## Activity:
From start to end, print the entire listing below exactly.

(Supplied material)

(* There exist infinitely many finite simple graphs $G$ with $\chi_{DP}(G) < AT(G)$; moreover, for every real $M > 0$ there exists a finite simple graph $G$ with $AT(G) / \chi_{DP}(G) > M$.
   Context: Alon--Tarsi number: for a digraph $D$, an Eulerian subdigraph is a spanning subdigraph $F$ with $d^+_F(v) = d^-_F(v)$ for all $v$, called even or odd according to the parity of its number of edges; $AT(G)$ is the minimum $k$ such that some orientation $D$ of $G$ has all outdegrees less than $k$ and the numbers of even and odd Eulerian subdigraphs of $D$ differ. Correspondence coloring: a correspondence assignment $(L,C)$ for $G$ consists of a list $L(v)$ of colors for each vertex $v$ and, for each edge $uv$, a partial matching $C_{uv}$ between $\{u\}\times L(u)$ and $\{v\}\times L(v)$. An $(L,C)$-coloring is a choice $\phi(v)\in L(v)$ for each $v$ such that for every edge $uv$, $(u,\phi(u))$ and $(v,\phi(v))$ are not matched in $C_{uv}$. $G$ is $k$-correspondence-colorable if it has an $(L,C)$-coloring for every correspondence assignment with all lists of size $k$; the correspondence chromatic number $\chi_{DP}(G)$ is the least such $k$. *)

theory Defs
  imports Complex_Main
begin

definition simple_graph :: "nat set \<Rightarrow> nat set set \<Rightarrow> bool" where
  "simple_graph V E \<longleftrightarrow> finite V \<and> (\<forall>e\<in>E. e \<subseteq> V \<and> card e = 2)"

definition graph_iso :: "nat set \<times> nat set set \<Rightarrow> nat set \<times> nat set set \<Rightarrow> bool" where
  "graph_iso G H \<longleftrightarrow> (\<exists>f. bij_betw f (fst G) (fst H) \<and>
      (\<forall>u\<in>fst G. \<forall>v\<in>fst G. ({u, v} \<in> snd G \<longleftrightarrow> {f u, f v} \<in> snd H)))"

definition orientation :: "nat set set \<Rightarrow> (nat \<times> nat) set \<Rightarrow> bool" where
  "orientation E D \<longleftrightarrow>
     (\<forall>(u,v)\<in>D. {u, v} \<in> E) \<and>
     (\<forall>u v. {u, v} \<in> E \<longrightarrow> u \<noteq> v \<longrightarrow> ((u,v) \<in> D \<longleftrightarrow> (v,u) \<notin> D))"

definition outdeg :: "(nat \<times> nat) set \<Rightarrow> nat \<Rightarrow> nat" where
  "outdeg F v = card {w. (v, w) \<in> F}"

definition indeg :: "(nat \<times> nat) set \<Rightarrow> nat \<Rightarrow> nat" where
  "indeg F v = card {w. (w, v) \<in> F}"

definition eulerian_subdigraphs :: "nat set \<Rightarrow> (nat \<times> nat) set \<Rightarrow> (nat \<times> nat) set set" where
  "eulerian_subdigraphs V D = {F. F \<subseteq> D \<and> (\<forall>v\<in>V. outdeg F v = indeg F v)}"

definition AT :: "nat set \<Rightarrow> nat set set \<Rightarrow> nat" where
  "AT V E = (LEAST k. \<exists>D. orientation E D \<and> (\<forall>v\<in>V. outdeg D v < k) \<and>
      card {F \<in> eulerian_subdigraphs V D. even (card F)} \<noteq>
      card {F \<in> eulerian_subdigraphs V D. odd (card F)})"

text \<open>Correspondence assignments: lists L v (colours are naturals) and, for each
  ordered pair (u,v) with {u,v} an edge, a partial matching C u v between L u and L v,
  with C v u the converse of C u v.  (c,d) \<in> C u v means (u,c) is matched to (v,d).\<close>
definition partial_matching :: "nat set \<Rightarrow> nat set \<Rightarrow> (nat \<times> nat) set \<Rightarrow> bool" where
  "partial_matching A B M \<longleftrightarrow> M \<subseteq> A \<times> B \<and>
     (\<forall>c d d'. (c, d) \<in> M \<and> (c, d') \<in> M \<longrightarrow> d = d') \<and>
     (\<forall>c c' d. (c, d) \<in> M \<and> (c', d) \<in> M \<longrightarrow> c = c')"

definition correspondence_assignment ::
  "nat set \<Rightarrow> nat set set \<Rightarrow> (nat \<Rightarrow> nat set) \<Rightarrow> (nat \<Rightarrow> nat \<Rightarrow> (nat \<times> nat) set) \<Rightarrow> bool" where
  "correspondence_assignment V E L C \<longleftrightarrow>
     (\<forall>u v. {u, v} \<in> E \<longrightarrow> u \<noteq> v \<longrightarrow>
        partial_matching (L u) (L v) (C u v) \<and> C v u = (C u v)\<inverse>)"

definition LC_coloring ::
  "nat set \<Rightarrow> nat set set \<Rightarrow> (nat \<Rightarrow> nat set) \<Rightarrow> (nat \<Rightarrow> nat \<Rightarrow> (nat \<times> nat) set) \<Rightarrow> (nat \<Rightarrow> nat) \<Rightarrow> bool" where
  "LC_coloring V E L C \<phi> \<longleftrightarrow> (\<forall>v\<in>V. \<phi> v \<in> L v) \<and>
     (\<forall>u v. {u, v} \<in> E \<longrightarrow> u \<noteq> v \<longrightarrow> (\<phi> u, \<phi> v) \<notin> C u v)"

definition correspondence_colorable :: "nat set \<Rightarrow> nat set set \<Rightarrow> nat \<Rightarrow> bool" where
  "correspondence_colorable V E k \<longleftrightarrow>
     (\<forall>L C. (\<forall>v\<in>V. finite (L v) \<and> card (L v) = k) \<and> correspondence_assignment V E L C
        \<longrightarrow> (\<exists>\<phi>. LC_coloring V E L C \<phi>))"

(End Supplied material)

## Answer to this exercise:
(* There exist infinitely many finite simple graphs $G$ with $\chi_{DP}(G) < AT(G)$; moreover, for every real $M > 0$ there exists a finite simple graph $G$ with $AT(G) / \chi_{DP}(G) > M$.
   Context: Alon--Tarsi number: for a digraph $D$, an Eulerian subdigraph is a spanning subdigraph $F$ with $d^+_F(v) = d^-_F(v)$ for all $v$, called even or odd according to the parity of its number of edges; $AT(G)$ is the minimum $k$ such that some orientation $D$ of $G$ has all outdegrees less than $k$ and the numbers of even and odd Eulerian subdigraphs of $D$ differ. Correspondence coloring: a correspondence assignment $(L,C)$ for $G$ consists of a list $L(v)$ of colors for each vertex $v$ and, for each edge $uv$, a partial matching $C_{uv}$ between $\{u\}\times L(u)$ and $\{v\}\times L(v)$. An $(L,C)$-coloring is a choice $\phi(v)\in L(v)$ for each $v$ such that for every edge $uv$, $(u,\phi(u))$ and $(v,\phi(v))$ are not matched in $C_{uv}$. $G$ is $k$-correspondence-colorable if it has an $(L,C)$-coloring for every correspondence assignment with all lists of size $k$; the correspondence chromatic number $\chi_{DP}(G)$ is the least such $k$. *)

theory Defs
  imports Complex_Main
begin

definition simple_graph :: "nat set \<Rightarrow> nat set set \<Rightarrow> bool" where
  "simple_graph V E \<longleftrightarrow> finite V \<and> (\<forall>e\<in>E. e \<subseteq> V \<and> card e = 2)"

definition graph_iso :: "nat set \<times> nat set set \<Rightarrow> nat set \<times> nat set set \<Rightarrow> bool" where
  "graph_iso G H \<longleftrightarrow> (\<exists>f. bij_betw f (fst G) (fst H) \<and>
      (\<forall>u\<in>fst G. \<forall>v\<in>fst G. ({u, v} \<in> snd G \<longleftrightarrow> {f u, f v} \<in> snd H)))"

definition orientation :: "nat set set \<Rightarrow> (nat \<times> nat) set \<Rightarrow> bool" where
  "orientation E D \<longleftrightarrow>
     (\<forall>(u,v)\<in>D. {u, v} \<in> E) \<and>
     (\<forall>u v. {u, v} \<in> E \<longrightarrow> u \<noteq> v \<longrightarrow> ((u,v) \<in> D \<longleftrightarrow> (v,u) \<notin> D))"

definition outdeg :: "(nat \<times> nat) set \<Rightarrow> nat \<Rightarrow> nat" where
  "outdeg F v = card {w. (v, w) \<in> F}"

definition indeg :: "(nat \<times> nat) set \<Rightarrow> nat \<Rightarrow> nat" where
  "indeg F v = card {w. (w, v) \<in> F}"

definition eulerian_subdigraphs :: "nat set \<Rightarrow> (nat \<times> nat) set \<Rightarrow> (nat \<times> nat) set set" where
  "eulerian_subdigraphs V D = {F. F \<subseteq> D \<and> (\<forall>v\<in>V. outdeg F v = indeg F v)}"

definition AT :: "nat set \<Rightarrow> nat set set \<Rightarrow> nat" where
  "AT V E = (LEAST k. \<exists>D. orientation E D \<and> (\<forall>v\<in>V. outdeg D v < k) \<and>
      card {F \<in> eulerian_subdigraphs V D. even (card F)} \<noteq>
      card {F \<in> eulerian_subdigraphs V D. odd (card F)})"

text \<open>Correspondence assignments: lists L v (colours are naturals) and, for each
  ordered pair (u,v) with {u,v} an edge, a partial matching C u v between L u and L v,
  with C v u the converse of C u v.  (c,d) \<in> C u v means (u,c) is matched to (v,d).\<close>
definition partial_matching :: "nat set \<Rightarrow> nat set \<Rightarrow> (nat \<times> nat) set \<Rightarrow> bool" where
  "partial_matching A B M \<longleftrightarrow> M \<subseteq> A \<times> B \<and>
     (\<forall>c d d'. (c, d) \<in> M \<and> (c, d') \<in> M \<longrightarrow> d = d') \<and>
     (\<forall>c c' d. (c, d) \<in> M \<and> (c', d) \<in> M \<longrightarrow> c = c')"

definition correspondence_assignment ::
  "nat set \<Rightarrow> nat set set \<Rightarrow> (nat \<Rightarrow> nat set) \<Rightarrow> (nat \<Rightarrow> nat \<Rightarrow> (nat \<times> nat) set) \<Rightarrow> bool" where
  "correspondence_assignment V E L C \<longleftrightarrow>
     (\<forall>u v. {u, v} \<in> E \<longrightarrow> u \<noteq> v \<longrightarrow>
        partial_matching (L u) (L v) (C u v) \<and> C v u = (C u v)\<inverse>)"

definition LC_coloring ::
  "nat set \<Rightarrow> nat set set \<Rightarrow> (nat \<Rightarrow> nat set) \<Rightarrow> (nat \<Rightarrow> nat \<Rightarrow> (nat \<times> nat) set) \<Rightarrow> (nat \<Rightarrow> nat) \<Rightarrow> bool" where
  "LC_coloring V E L C \<phi> \<longleftrightarrow> (\<forall>v\<in>V. \<phi> v \<in> L v) \<and>
     (\<forall>u v. {u, v} \<in> E \<longrightarrow> u \<noteq> v \<longrightarrow> (\<phi> u, \<phi> v) \<notin> C u v)"

definition correspondence_colorable :: "nat set \<Rightarrow> nat set set \<Rightarrow> nat \<Rightarrow> bool" where
  "correspondence_colorable V E k \<longleftrightarrow>
     (\<forall>L C. (\<forall>v\<in>V. finite (L v) \<and> card (L v) = k) \<and> correspondence_assignment V E L C
        \<longrightarrow> (\<exists>\<phi>. LC_coloring V E L C \<phi>))"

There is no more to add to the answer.